TO DO: Below are the records; copy each line in which "unfolding" occurs.
┌─ INFORMATION SUPPLIED
text \<open>Fix a dominant \<open>g\<close>. Every \<open>h\<close> is squeezed between powers of \<open>g\<close>, so
  \<open>c(h) = min {p. h \<le> g\<^sup>p}\<close> is well defined, and bi-invariance together with totality makes
  \<open>c\<close> a quasi-morphism: \<open>c(xy)\<close> differs from \<open>c(x) + c(y)\<close> by at most 1. Along the powers of
  \<open>h\<close> this gives convergence of \<open>c(h\<^sup>n)/n\<close> as for subadditive sequences, and since
  \<open>(xy)\<^sup>n\<close> lies between \<open>x\<^sup>n y\<^sup>n\<close> and \<open>y\<^sup>n x\<^sup>n\<close> the limit is additive.
  For quasi-totality, \<open>G\<close> acts on itself by left translation, the half-spaces being
  \<open>{a. g\<^sup>n \<le> a}\<close>; the height of \<open>a\<close> is \<open>-c(a\<inverse>)\<close>, so the same quasi-morphism bound
  turns left translations into quasi-automorphisms.\<close>

lemma upclosed_int_set_iff_Inf_le:
  fixes S :: "int set"
  assumes "S \<noteq> {}" and "bdd_below S" and up: "\<And>p q. p \<in> S \<Longrightarrow> p \<le> q \<Longrightarrow> q \<in> S"
  shows "q \<in> S \<longleftrightarrow> Inf S \<le> q"
proof -
  have "Inf S \<in> S"
  proof (rule ccontr)
    assume "Inf S \<notin> S"
    have gt: "Inf S < p" if "p \<in> S" for p
      using that \<open>Inf S \<notin> S\<close> cInf_lower[OF that assms(2)] by (metis le_less)
    then have "Inf S + 1 \<le> Inf S"
      using assms(1) by (intro cInf_greatest) (auto dest: gt)
    then show False by simp
  qed
  then show ?thesis
    using up cInf_lower assms(2) by blast
qed

lemma quasi_additive_mult_bound:
  fixes a :: "nat \<Rightarrow> real"
  assumes "a 0 = 0" and qa: "\<And>m n. \<bar>a (m + n) - a m - a n\<bar> \<le> C"
  shows "\<bar>a (k * m) - k * a m\<bar> \<le> k * C"
proof (induction k)
  case 0
  then show ?case using assms(1) by simp
next
  case (Suc k)
  have "\<bar>a (k * m + m) - a (k * m) - a m\<bar> \<le> C" by (rule qa)
  with Suc show ?case by (simp add: algebra_simps abs_le_iff)
qed

lemma quasi_additive_ratio_mult:
  fixes a :: "nat \<Rightarrow> real"
  assumes "a 0 = 0" and "\<And>m n. \<bar>a (m + n) - a m - a n\<bar> \<le> C" and "k > 0" and "m > 0"
  shows "\<bar>a (k * m) / (k * m) - a m / m\<bar> \<le> C / m"
proof -
  have "a (k * m) / (k * m) - a m / m = (a (k * m) - k * a m) / (k * m)"
    using assms(3,4) by (simp add: field_simps)
  then have "\<bar>a (k * m) / (k * m) - a m / m\<bar> = \<bar>a (k * m) - k * a m\<bar> / (k * m)"
    by (simp add: abs_divide)
  also have "\<dots> \<le> k * C / (k * m)"
    using quasi_additive_mult_bound[OF assms(1,2)] by (intro divide_right_mono) auto
  finally show ?thesis
    using assms(3) by simp
qed

lemma quasi_additive_convergent:
  fixes a :: "nat \<Rightarrow> real"
  assumes "a 0 = 0" and "\<And>m n. \<bar>a (m + n) - a m - a n\<bar> \<le> C"
  shows "convergent (\<lambda>n. a n / n)"
proof -
  have dist: "\<bar>a m / m - a n / n\<bar> \<le> C / m + C / n" if "m > 0" "n > 0" for m n
    using quasi_additive_ratio_mult[OF assms, of n m] quasi_additive_ratio_mult[OF assms, of m n] that
    by (simp add: mult.commute abs_le_iff)
  have "C \<ge> 0"
    using assms(2)[of 0 0] by linarith
  have "Cauchy (\<lambda>n. a n / n)"
  proof (rule CauchyI)
    fix e :: real assume "e > 0"
    obtain M :: nat where "2 * C / e < M" and "M > 0"
      using reals_Archimedean2[of "max 1 (2 * C / e)"] by auto
    then have "2 * (C / M) < e"
      using \<open>e > 0\<close> by (simp add: field_simps)
    have le_CM: "C / m \<le> C / M" if "M \<le> m" for m :: nat
      using that \<open>M > 0\<close> \<open>C \<ge> 0\<close> by (intro divide_left_mono) auto
    have "\<bar>a m / m - a n / n\<bar> < e" if "M \<le> m" "M \<le> n" for m n :: nat
      using dist[of m n] le_CM[OF that(1)] le_CM[OF that(2)] that \<open>M > 0\<close> \<open>2 * (C / M) < e\<close>
      by linarith
    then show "\<exists>M. \<forall>m\<ge>M. \<forall>n\<ge>M. norm (a m / m - a n / n) < e"
      by auto
  qed
  then show ?thesis
    by (simp add: Cauchy_convergent_iff)
qed

lemma tendsto_ratio_of_bounded_defect:
  fixes a b c :: "nat \<Rightarrow> real"
  assumes "convergent (\<lambda>n. a n / n)" and "convergent (\<lambda>n. b n / n)"
    and "\<And>n. \<bar>c n - a n - b n\<bar> \<le> C"
  shows "(\<lambda>n. c n / n) \<longlonglongrightarrow> lim (\<lambda>n. a n / n) + lim (\<lambda>n. b n / n)"
proof -
  have "(\<lambda>n. (c n - a n - b n) / n) \<longlonglongrightarrow> 0"
    using assms(3) by (intro Lim_null_comparison[OF _ lim_const_over_n[of C]])
      (simp add: abs_divide divide_right_mono)
  then have "(\<lambda>n. a n / n + b n / n + (c n - a n - b n) / n) \<longlonglongrightarrow> lim (\<lambda>n. a n / n) + lim (\<lambda>n. b n / n) + 0"
    using assms(1,2) by (intro tendsto_add) (simp_all add: convergent_LIMSEQ_iff)
  then show ?thesis
    by (simp add: diff_divide_distrib)
qed

definition (in group) left_translation :: "'a \<Rightarrow> 'a \<Rightarrow> 'a"
  where "left_translation k = (\<lambda>x\<in>carrier G. k \<otimes> x)"

lemma (in group) left_translation_Bij:
  assumes "k \<in> carrier G"
  shows "left_translation k \<in> Bij (carrier G)"
proof -
  have "inj_on (\<lambda>x. k \<otimes> x) (carrier G)"
    using assms by (intro inj_onI) simp
  moreover have "x = k \<otimes> (inv k \<otimes> x)" if "x \<in> carrier G" for x
    using assms that by (simp flip: m_assoc)
  then have "(\<lambda>x. k \<otimes> x) ` carrier G = carrier G"
    using assms by force
  ultimately show ?thesis
    unfolding Bij_def left_translation_def bij_betw_def by simp
qed

lemma (in group) left_translation_group_action: "group_action G (carrier G) left_translation"
proof -
  have "left_translation (k1 \<otimes> k2) = compose (carrier G) (left_translation k1) (left_translation k2)"
    if "k1 \<in> carrier G" "k2 \<in> carrier G" for k1 k2
    using that by (auto simp: left_translation_def compose_def m_assoc)
  then have "left_translation \<in> hom G (BijGroup (carrier G))"
    using left_translation_Bij by (auto simp: hom_def BijGroup_def)
  then show ?thesis
    unfolding group_action_def group_hom_def
    by (simp add: group_BijGroup group_hom_axioms.intro is_group)
qed

lemma (in group) left_translation_effective: "effective_action G (carrier G) left_translation"
  unfolding effective_action_def left_translation_def
  by (metis one_closed r_one restrict_apply')

locale bi_ordered_group = group G for G (structure) +
  fixes le :: "'a \<Rightarrow> 'a \<Rightarrow> bool" (infix "\<preceq>" 50)
  assumes bi_invariant: "bi_invariant_order G (\<preceq>)"
    and total: "total_rel (carrier G) (\<preceq>)"
begin

lemma le_refl: "a \<in> carrier G \<Longrightarrow> a \<preceq> a"
  using bi_invariant unfolding bi_invariant_order_def partial_order_rel_def by blast

lemma le_antisym: "\<lbrakk>a \<in> carrier G; b \<in> carrier G; a \<preceq> b; b \<preceq> a\<rbrakk> \<Longrightarrow> a = b"
  using bi_invariant unfolding bi_invariant_order_def partial_order_rel_def by blast

lemma le_trans: "\<lbrakk>a \<in> carrier G; b \<in> carrier G; c \<in> carrier G; a \<preceq> b; b \<preceq> c\<rbrakk> \<Longrightarrow> a \<preceq> c"
  using bi_invariant unfolding bi_invariant_order_def partial_order_rel_def by blast

lemma mult_right_mono: "\<lbrakk>a \<in> carrier G; b \<in> carrier G; k \<in> carrier G; a \<preceq> b\<rbrakk> \<Longrightarrow> a \<otimes> k \<preceq> b \<otimes> k"
  using bi_invariant unfolding bi_invariant_order_def by blast

lemma mult_left_mono: "\<lbrakk>a \<in> carrier G; b \<in> carrier G; k \<in> carrier G; a \<preceq> b\<rbrakk> \<Longrightarrow> k \<otimes> a \<preceq> k \<otimes> b"
  using bi_invariant unfolding bi_invariant_order_def by blast

lemma le_total: "\<lbrakk>a \<in> carrier G; b \<in> carrier G\<rbrakk> \<Longrightarrow> a \<preceq> b \<or> b \<preceq> a"
  using total unfolding total_rel_def by blast

lemma mult_mono:
  "\<lbrakk>a \<in> carrier G; b \<in> carrier G; x \<in> carrier G; y \<in> carrier G; a \<preceq> x; b \<preceq> y\<rbrakk> \<Longrightarrow> a \<otimes> b \<preceq> x \<otimes> y"
  using le_trans[of "a \<otimes> b" "x \<otimes> b" "x \<otimes> y"] mult_right_mono[of a x b] mult_left_mono[of b y x]
  by simp

lemma mult_neq_if_neq_left:
  assumes "a \<in> carrier G" "b \<in> carrier G" "x \<in> carrier G" "y \<in> carrier G"
    and "a \<preceq> x" "a \<noteq> x" "b \<preceq> y"
  shows "a \<otimes> b \<noteq> x \<otimes> y"
proof
  assume eq: "a \<otimes> b = x \<otimes> y"
  have "x \<otimes> b \<preceq> a \<otimes> b"
    using assms mult_left_mono[of b y x] by (simp add: eq)
  moreover have "a \<otimes> b \<preceq> x \<otimes> b"
    using assms by (simp add: mult_right_mono)
  ultimately show False
    using assms le_antisym[of "a \<otimes> b" "x \<otimes> b"] by simp
qed

lemma inv_antimono: "\<lbrakk>a \<in> carrier G; b \<in> carrier G; a \<preceq> b\<rbrakk> \<Longrightarrow> inv b \<preceq> inv a"
  using mult_right_mono[OF _ _ _ mult_left_mono[of a b "inv b"], of "inv a"] by (simp add: m_assoc)

lemma inv_le_inv_iff: "\<lbrakk>a \<in> carrier G; b \<in> carrier G\<rbrakk> \<Longrightarrow> inv a \<preceq> inv b \<longleftrightarrow> b \<preceq> a"
  using inv_antimono[of b a] inv_antimono[of "inv a" "inv b"] by auto

lemma dual: "bi_ordered_group G (\<lambda>a b. b \<preceq> a)"
proof -
  have "bi_invariant_order G (\<lambda>a b. b \<preceq> a)"
    unfolding bi_invariant_order_def partial_order_rel_def
  proof (intro conjI ballI impI)
    show "a \<preceq> a" if "a \<in> carrier G" for a
      using that by (rule le_refl)
    show "a = b" if "a \<in> carrier G" "b \<in> carrier G" "b \<preceq> a \<and> a \<preceq> b" for a b
      using that le_antisym by blast
    show "c \<preceq> a" if "a \<in> carrier G" "b \<in> carrier G" "c \<in> carrier G" "b \<preceq> a \<and> c \<preceq> b" for a b c
      using that le_trans[of c b a] by blast
    show "h \<otimes> k \<preceq> g \<otimes> k" "k \<otimes> h \<preceq> k \<otimes> g"
      if "g \<in> carrier G" "h \<in> carrier G" "k \<in> carrier G" "h \<preceq> g" for g h k
      using that by (simp_all add: mult_right_mono mult_left_mono)
  qed
  moreover have "total_rel (carrier G) (\<lambda>a b. b \<preceq> a)"
    unfolding total_rel_def using le_total by blast
  ultimately show ?thesis
    by (simp add: bi_ordered_group_def bi_ordered_group_axioms_def is_group)
qed

lemma mult_pow_le_pow_mult:
  assumes "a \<in> carrier G" "b \<in> carrier G" "a \<otimes> b \<preceq> b \<otimes> a"
  shows "a \<otimes> b [^] (n::nat) \<preceq> b [^] n \<otimes> a"
proof (induction n)
  case 0
  then show ?case using assms le_refl by simp
next
  case (Suc n)
  have "a \<otimes> b [^] Suc n \<preceq> b [^] n \<otimes> (a \<otimes> b)"
    using mult_right_mono[OF _ _ _ Suc, of b] assms by (simp add: m_assoc)
  moreover have "b [^] n \<otimes> (a \<otimes> b) \<preceq> b [^] Suc n \<otimes> a"
    using mult_left_mono[OF _ _ _ assms(3), of "b [^] n"] assms by (simp add: m_assoc)
  ultimately show ?case
    using assms le_trans[of "a \<otimes> b [^] Suc n" "b [^] n \<otimes> (a \<otimes> b)"] by simp
qed

lemma pow_mult_le_mult_pow:
  assumes "a \<in> carrier G" "b \<in> carrier G" "a \<otimes> b \<preceq> b \<otimes> a"
  shows "a [^] (n::nat) \<otimes> b \<preceq> b \<otimes> a [^] n"
  using bi_ordered_group.mult_pow_le_pow_mult[OF dual, of b a n] assms by simp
└─
EXERCISE RESPONSE:
    unfolding Bij_def left_translation_def bij_betw_def by simp
    unfolding group_action_def group_hom_def
  unfolding effective_action_def left_translation_def
  using bi_invariant unfolding bi_invariant_order_def partial_order_rel_def by blast
  using bi_invariant unfolding bi_invariant_order_def partial_order_rel_def by blast
  using bi_invariant unfolding bi_invariant_order_def partial_order_rel_def by blast
  using bi_invariant unfolding bi_invariant_order_def by blast
  using bi_invariant unfolding bi_invariant_order_def by blast
  using total unfolding total_rel_def by blast
    unfolding bi_invariant_order_def partial_order_rel_def
    unfolding total_rel_def using le_total by blast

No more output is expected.